Italy Bonds Find Love Again as ‘Perfect Recipe’ Wins Nordea AM

(Bloomberg) --

It wasn’t long ago that political risks were warding investors off Italian bonds but now they just can’t seem to get enough.

Nordea Asset Management is buying benchmark notes from the euro area’s third-largest economy after the new government toned down a previously combative approach to the European Union. While the region faces an aging population and tepid inflation, a significant portion of Italy’s savings should get invested in bonds, helping boost the market, according to the fund.

Italy Bonds Find Love Again as ‘Perfect Recipe’ Wins Nordea AM

We “love Italy,” wrote Sebastien Galy, Nordea AM’s senior macro strategist, in a note to clients. “Italians save a lot, as can be seen by their 2.6% current account to GDP ratio, and so does the euro zone as a whole. A significant part of this will go into fixed income wherever yield and safety can be found.”

Bond investors were swift to take advantage of the improving political climate in Italy after the euroskeptic leader of the right-wing League Party, Matteo Salvini, was excluded from government. Yields on 10-year debt hit record lows in the aftermath, narrowing the spread over German equivalents, a key gauge of risk in the nation, to levels before the 2018 budget dispute with the EU. The country’s bonds have already returned 14% this year.

The new coalition formed by the Five Star Movement and the Democratic Party, while fragile, is expected to be less confrontational toward the EU. The government expects a deficit of around 2% to 2.1% of output next year, according to a senior official, below the trade bloc’s 3% limit.

Despite the rally, Italian bonds still remain attractive, offering some of the highest premiums in a region where large amounts of debt now yield less than zero. The euro area has been besieged by accusations of “Japanification” given its anemic growth and inflation -- a sign that the ECB may never be able to unwind its unprecedented package of monetary stimulus.

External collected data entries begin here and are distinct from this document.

lemma est_median_of_copies_mem:
  assumes "uses_space n m B Ms" "r \<in> set_pmf (seed (median_of_copies B Ms T g K))" "valid_stream n m s"
  shows "est (median_of_copies B Ms T g K) r (run (median_of_copies B Ms T g K) r s) \<in> pow_grid g K"
proof -
  obtain \<rho> where "r = (\<rho>, 0)" "set \<rho> \<subseteq> set_pmf (seed B)"
    using assms(2) by (auto simp: set_pmf_seed_median_of_copies)
  then show ?thesis
    using est_median_of_copies[OF assms(1) _ assms(3)] round_up_pow_mem by simp
qed

lemma freq_eq_0_if_valid_stream: "valid_stream n m s \<Longrightarrow> n \<le> i \<Longrightarrow> freq s i = 0"
  unfolding valid_stream_def valid_update_def freq_def by (induction s) auto

lemma est_median_of_copies_correct:
  assumes "uses_space n m B Ms" "set \<rho> \<subseteq> set_pmf (seed B)" "valid_stream n m s"
    and majority:
      "length \<rho> < 2 * length (filter (\<lambda>r. mult_approx g (f (freq s)) (est B r (run B r s))) \<rho>)"
    and g: "0 < g" "(1 + g)\<^sup>2 \<le> 1 + \<epsilon>"
    and range: "f (freq s) = 0 \<or> (1 \<le> f (freq s) \<and> f (freq s) \<le> a)"
    and K: "(1 + g) * a \<le> (1 + g) ^ K"
  shows "mult_approx \<epsilon> (f (freq s))
           (est (median_of_copies B Ms T g K) (\<rho>, x) (run (median_of_copies B Ms T g K) (\<rho>, x) s))"
proof -
  have "mult_approx g (f (freq s)) (median (map (\<lambda>r. est B r (run B r s)) \<rho>))"
    by (rule median_majority[OF _ mult_approx_convex])
       (use majority in \<open>simp_all add: filter_map o_def\<close>)
  then show ?thesis
    unfolding est_median_of_copies[OF assms(1-3)] by (rule mult_approx_round_up_pow[OF g range K])
qed

text \<open>Whatever its history, the game can fail only when the frequency vector enters this set.\<close>

definition error_freqs ::
  "nat \<Rightarrow> nat \<Rightarrow> ((nat \<Rightarrow> int) \<Rightarrow> real) \<Rightarrow> real \<Rightarrow> 'r salg \<Rightarrow> 'r \<Rightarrow> (nat \<Rightarrow> int) set"
where
  "error_freqs n m f eps R r =
     {w. \<exists>s. valid_stream n m s \<and> freq s = w \<and> \<not> mult_approx eps (f w) (est R r (run R r s))}"

text \<open>By order invariance every copy is in the state it reaches on \<open>s0\<close>, whichever stream
  reaching the same frequency vector was read.\<close>

lemma median_of_copies_error_imp_half_fail:
  assumes B: "order_invariant n m B" "uses_space n m B Ms"
    and range: "\<forall>v. (\<forall>i\<ge>n. v i = 0) \<longrightarrow> f v = 0 \<or> (1 \<le> f v \<and> f v \<le> a)"
    and g: "0 < g" "(1 + g)\<^sup>2 \<le> 1 + \<epsilon>"
    and K: "(1 + g) * a \<le> (1 + g) ^ K"
    and \<rho>: "set \<rho> \<subseteq> set_pmf (seed B)"
    and s0: "valid_stream n m s0" "freq s0 = w"
    and error: "w \<in> error_freqs n m f \<epsilon> (median_of_copies B Ms T g K) (\<rho>, x)"
  shows "length \<rho> \<le> 2 * length (filter (\<lambda>r. \<not> mult_approx g (f w) (est B r (run B r s0))) \<rho>)"
proof (rule ccontr)
  define good where "good = (\<lambda>r. mult_approx g (f w) (est B r (run B r s0)))"
  assume "\<not> length \<rho> \<le> 2 * length (filter (\<lambda>r. \<not> good r) \<rho>)"
  moreover have "length (filter good \<rho>) + length (filter (\<lambda>r. \<not> good r) \<rho>) = length \<rho>"
    by (rule sum_length_filter_compl)
  ultimately have majority: "length \<rho> < 2 * length (filter good \<rho>)"
    by linarith
  obtain s where s: "valid_stream n m s" "freq s = w"
    and wrong: "\<not> mult_approx \<epsilon> (f w)
                  (est (median_of_copies B Ms T g K) (\<rho>, x) (run (median_of_copies B Ms T g K) (\<rho>, x) s))"
    using error by (auto simp: error_freqs_def)
  have "run B r s = run B r s0" for r
    using B(1) s s0 unfolding order_invariant_def by metis
  then have "filter good \<rho> = filter (\<lambda>r. mult_approx g (f (freq s)) (est B r (run B r s))) \<rho>"
    using s(2) by (simp add: good_def)
  moreover have "f (freq s) = 0 \<or> (1 \<le> f (freq s) \<and> f (freq s) \<le> a)"
    using range freq_eq_0_if_valid_stream[OF s(1)] by blast
  ultimately have "mult_approx \<epsilon> (f (freq s))
                     (est (median_of_copies B Ms T g K) (\<rho>, x) (run (median_of_copies B Ms T g K) (\<rho>, x) s))"
    using majority by (intro est_median_of_copies_correct[OF B(2) \<rho> s(1) _ g _ K]) simp_all
  then show False
    using wrong s(2) by simp
qed

lemma median_of_copies_error_prob_le:
  fixes B :: "'r salg"
  assumes B: "order_invariant n m B" "uses_space n m B Ms" "oblivious_correct n m f g (1/10) B"
    and range: "\<forall>v. (\<forall>i\<ge>n. v i = 0) \<longrightarrow> f v = 0 \<or> (1 \<le> f v \<and> f v \<le> a)"
    and g: "0 < g" "(1 + g)\<^sup>2 \<le> 1 + \<epsilon>"
    and K: "(1 + g) * a \<le> (1 + g) ^ K"
  shows "measure_pmf.prob (seed (median_of_copies B Ms T g K))
           {r. w \<in> error_freqs n m f \<epsilon> (median_of_copies B Ms T g K) r} \<le> (3/5) ^ T"
proof (cases "\<exists>s. valid_stream n m s \<and> freq s = w")
  case False
  then have no_error: "{r. w \<in> error_freqs n m f \<epsilon> (median_of_copies B Ms T g K) r} = {}"
    by (auto simp: error_freqs_def)
  show ?thesis
    unfolding no_error by simp
next
  case True
  then obtain s0 where s0: "valid_stream n m s0" "freq s0 = w"
    by blast
  define fail where "fail = (\<lambda>r. \<not> mult_approx g (f w) (est B r (run B r s0)))"
  have "{r. mult_approx g (f w) (est B r (run B r s0))} = UNIV - {r. fail r}"
    by (auto simp: fail_def)
  then have "1 - 1/10 \<le> 1 - measure_pmf.prob (seed B) {r. fail r}"
    using B(3) s0 measure_pmf.prob_compl[of "{r. fail r}" "seed B"]
    unfolding oblivious_correct_def by auto
  then have "measure_pmf.prob (seed B) {r. fail r} \<le> 1/10"
    by simp
  have "measure_pmf.prob (seed (median_of_copies B Ms T g K))
          {r. w \<in> error_freqs n m f \<epsilon> (median_of_copies B Ms T g K) r}
      = measure_pmf.prob (replicate_pmf T (seed B))
          {\<rho>. w \<in> error_freqs n m f \<epsilon> (median_of_copies B Ms T g K) (\<rho>, 0)}"
    by (simp add: seed_median_of_copies vimage_def)
  also have "\<dots> \<le> measure_pmf.prob (replicate_pmf T (seed B))
                      {\<rho>. real T \<le> 2 * real (length (filter fail \<rho>))}"
  proof (rule measure_pmf.finite_measure_mono_AE, rule AE_pmfI, rule impI)
    fix \<rho>
    assume "\<rho> \<in> set_pmf (replicate_pmf T (seed B))"
      and "\<rho> \<in> {\<rho>. w \<in> error_freqs n m f \<epsilon> (median_of_copies B Ms T g K) (\<rho>, 0)}"
    then have "set \<rho> \<subseteq> set_pmf (seed B)" "length \<rho> = T"
      and error: "w \<in> error_freqs n m f \<epsilon> (median_of_copies B Ms T g K) (\<rho>, 0)"
      by (auto simp: set_replicate_pmf)
    then have "T \<le> 2 * length (filter fail \<rho>)"
      using median_of_copies_error_imp_half_fail[OF B(1,2) range g K \<open>set \<rho> \<subseteq> _\<close> s0 error]
      by (simp add: fail_def)
    then show "\<rho> \<in> {\<rho>. real T \<le> 2 * real (length (filter fail \<rho>))}"
      by simp
  qed simp
  also have "\<dots> \<le> (3/5) ^ T"
    by (rule prob_replicate_pmf_half_ge) fact
  finally show ?thesis .
qed

section \<open>A union bound over the configurations of the adversary\<close>

lemma
  assumes "finite A"
  shows finite_multisets_size_less: "finite {M. size M < j \<and> set_mset M \<subseteq> A}"
    and card_multisets_size_less: "card {M. size M < j \<and> set_mset M \<subseteq> A} \<le> j ^ card A"
proof -
  define counts where "counts M = restrict (count M) A" for M :: "'a multiset"
  have inj: "inj_on counts {M. size M < j \<and> set_mset M \<subseteq> A}"
  proof (rule inj_onI, rule multiset_eqI)
    fix M N x
    assume "M \<in> {M. size M < j \<and> set_mset M \<subseteq> A}" "N \<in> {M. size M < j \<and> set_mset M \<subseteq> A}"
      and "counts M = counts N"
    then show "count M x = count N x"
    proof (cases "x \<in> A")
      case False
      then have "x \<notin># M" "x \<notin># N"
        using \<open>M \<in> _\<close> \<open>N \<in> _\<close> by auto
      then show ?thesis
        by (simp add: not_in_iff)
    qed (auto simp: counts_def dest: fun_cong[of _ _ x])
  qed
  have into: "counts ` {M. size M < j \<and> set_mset M \<subseteq> A} \<subseteq> A \<rightarrow>\<^sub>E {..<j}"
  proof
    fix g
    assume "g \<in> counts ` {M. size M < j \<and> set_mset M \<subseteq> A}"
    then obtain M where "size M < j" "g = counts M"
      by auto
    then show "g \<in> A \<rightarrow>\<^sub>E {..<j}"
      using count_le_size[of M] le_less_trans by (auto simp: counts_def)
  qed
  have "finite (A \<rightarrow>\<^sub>E {..<j})"
    using assms by (simp add: finite_PiE)
  then show "finite {M. size M < j \<and> set_mset M \<subseteq> A}"
    by (rule inj_on_finite[OF inj into])
  have "card {M. size M < j \<and> set_mset M \<subseteq> A} \<le> card (A \<rightarrow>\<^sub>E {..<j})"
    using inj into \<open>finite (A \<rightarrow>\<^sub>E {..<j})\<close> by (rule card_inj_on_le)
  also have "\<dots> = j ^ card A"
    using assms by (simp add: card_PiE)
  finally show "card {M. size M < j \<and> set_mset M \<subseteq> A} \<le> j ^ card A" .
qed

definition add_update :: "(nat \<Rightarrow> int) \<Rightarrow> nat \<times> int \<Rightarrow> nat \<Rightarrow> int" where
  "add_update v u = v(fst u := v (fst u) + snd u)"

lemma add_update_commute: "add_update (add_update v u) u' = add_update (add_update v u') u"
  unfolding add_update_def by (auto simp: fun_eq_iff)

lemma freq_Nil: "freq [] = (\<lambda>_. 0)"
  unfolding freq_def by auto

lemma freq_snoc: "freq (s @ [u]) = add_update (freq s) u"
  unfolding freq_def add_update_def by (auto simp: fun_eq_iff)

definition adversary_move ::
  "adversary \<Rightarrow> bool list \<times> real option \<Rightarrow> (nat \<Rightarrow> int) pmf \<Rightarrow> (nat \<Rightarrow> int) pmf" where
  "adversary_move adv c P =
     bind_pmf P (\<lambda>v. map_pmf (\<lambda>pu. add_update v (snd pu)) (adv (fst c) (snd c)))"

lemma comp_fun_commute_adversary_move: "comp_fun_commute (adversary_move adv)"
proof
  fix c d
  have "(adversary_move adv d \<circ> adversary_move adv c) P =
        bind_pmf P (\<lambda>v. bind_pmf (adv (fst c) (snd c)) (\<lambda>pu. bind_pmf (adv (fst d) (snd d))
          (\<lambda>qu. return_pmf (add_update (add_update v (snd pu)) (snd qu)))))" for P
    by (simp add: adversary_move_def map_pmf_def bind_assoc_pmf bind_return_pmf)
  also have "\<dots> P = (adversary_move adv c \<circ> adversary_move adv d) P" for P
    by (subst bind_commute_pmf)
       (simp add: adversary_move_def map_pmf_def bind_assoc_pmf bind_return_pmf add_update_commute)
  finally show
    "adversary_move adv d \<circ> adversary_move adv c = adversary_move adv c \<circ> adversary_move adv d"
    by auto
qed

text \<open>The frequency vector reached from \<open>v\<close> by one independent adversary move from each
  configuration in \<open>M\<close>; since updates commute, the order of the moves is irrelevant.\<close>

definition walk :: "adversary \<Rightarrow> (bool list \<times> real option) multiset \<Rightarrow> (nat \<Rightarrow> int) \<Rightarrow> (nat \<Rightarrow> int) pmf" where
  "walk adv M v = fold_mset (adversary_move adv) (return_pmf v) M"

lemma walk_empty [simp]: "walk adv {#} v = return_pmf v"
  unfolding walk_def by simp

lemma walk_add_mset_last: "walk adv (add_mset c M) v = adversary_move adv c (walk adv M v)"
  unfolding walk_def by (rule comp_fun_commute.fold_mset_add_mset[OF comp_fun_commute_adversary_move])

lemma walk_add_mset:
  "walk adv (add_mset c M) v = bind_pmf (adv (fst c) (snd c)) (\<lambda>pu. walk adv M (add_update v (snd pu)))"
proof (induction M)
  case empty
  show ?case
    by (simp add: walk_add_mset_last adversary_move_def map_pmf_def bind_return_pmf)
next
  case (add d M)
  have "walk adv (add_mset c (add_mset d M)) v = adversary_move adv d (walk adv (add_mset c M) v)"
    by (simp only: add_mset_commute[of c d] walk_add_mset_last)
  also have "\<dots> = bind_pmf (adv (fst c) (snd c))
                      (\<lambda>pu. adversary_move adv d (walk adv M (add_update v (snd pu))))"
    by (simp add: add adversary_move_def bind_assoc_pmf)
  finally show ?case
    by (simp only: walk_add_mset_last)
qed

definition configs :: "nat \<Rightarrow> real set \<Rightarrow> (bool list \<times> real option) set" where
  "configs k G = {p. length p \<le> k} \<times> insert None (Some ` G)"

lemma finite_configs: "finite G \<Longrightarrow> finite (configs k G)"
  using finite_lists_length_le[of "UNIV :: bool set" k] by (simp add: configs_def)

lemma card_configs_le: "finite G \<Longrightarrow> card (configs k G) \<le> 2 ^ Suc k * (card G + 1)"
proof -
  assume "finite G"
  have "card {p :: bool list. length p \<le> k} = (\<Sum>i\<le>k. 2 ^ i)"
    using card_lists_length_le[of "UNIV :: bool set" k] by simp
  also have "\<dots> \<le> 2 ^ Suc k"
    by (induction k) auto
  finally have "card {p :: bool list. length p \<le> k} \<le> 2 ^ Suc k" .
  moreover have "card (insert None (Some ` G)) \<le> card G + 1"
    using \<open>finite G\<close> by (simp add: card_insert_if card_image)
  ultimately show ?thesis
    unfolding configs_def card_cartesian_product by (rule mult_mono) auto
qed

lemma play_Suc_run:
  "play R adv f eps r (Suc j) (p, y, run R r s, freq s) =
     bind_pmf (adv p y) (\<lambda>(p', u).
       if mult_approx eps (f (freq (s @ [u]))) (est R r (run R r (s @ [u])))
       then play R adv f eps r j
              (p', Some (est R r (run R r (s @ [u]))), run R r (s @ [u]), freq (s @ [u]))
       else return_pmf False)"
  by (simp add: run_snoc freq_snoc add_update_def Let_def cong: if_cong)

ECB President Mario Draghi announced a fresh set of measures earlier this month, including a rate cut and another batch of quantitative easing. Italy is seen as being one of the main beneficiaries, given its large stock of outstanding debt.

It’s “a perfect recipe for fixed income solutions,” wrote Galy. “The European periphery, such as Italy and Greece, are obvious choices in the fixed income space.”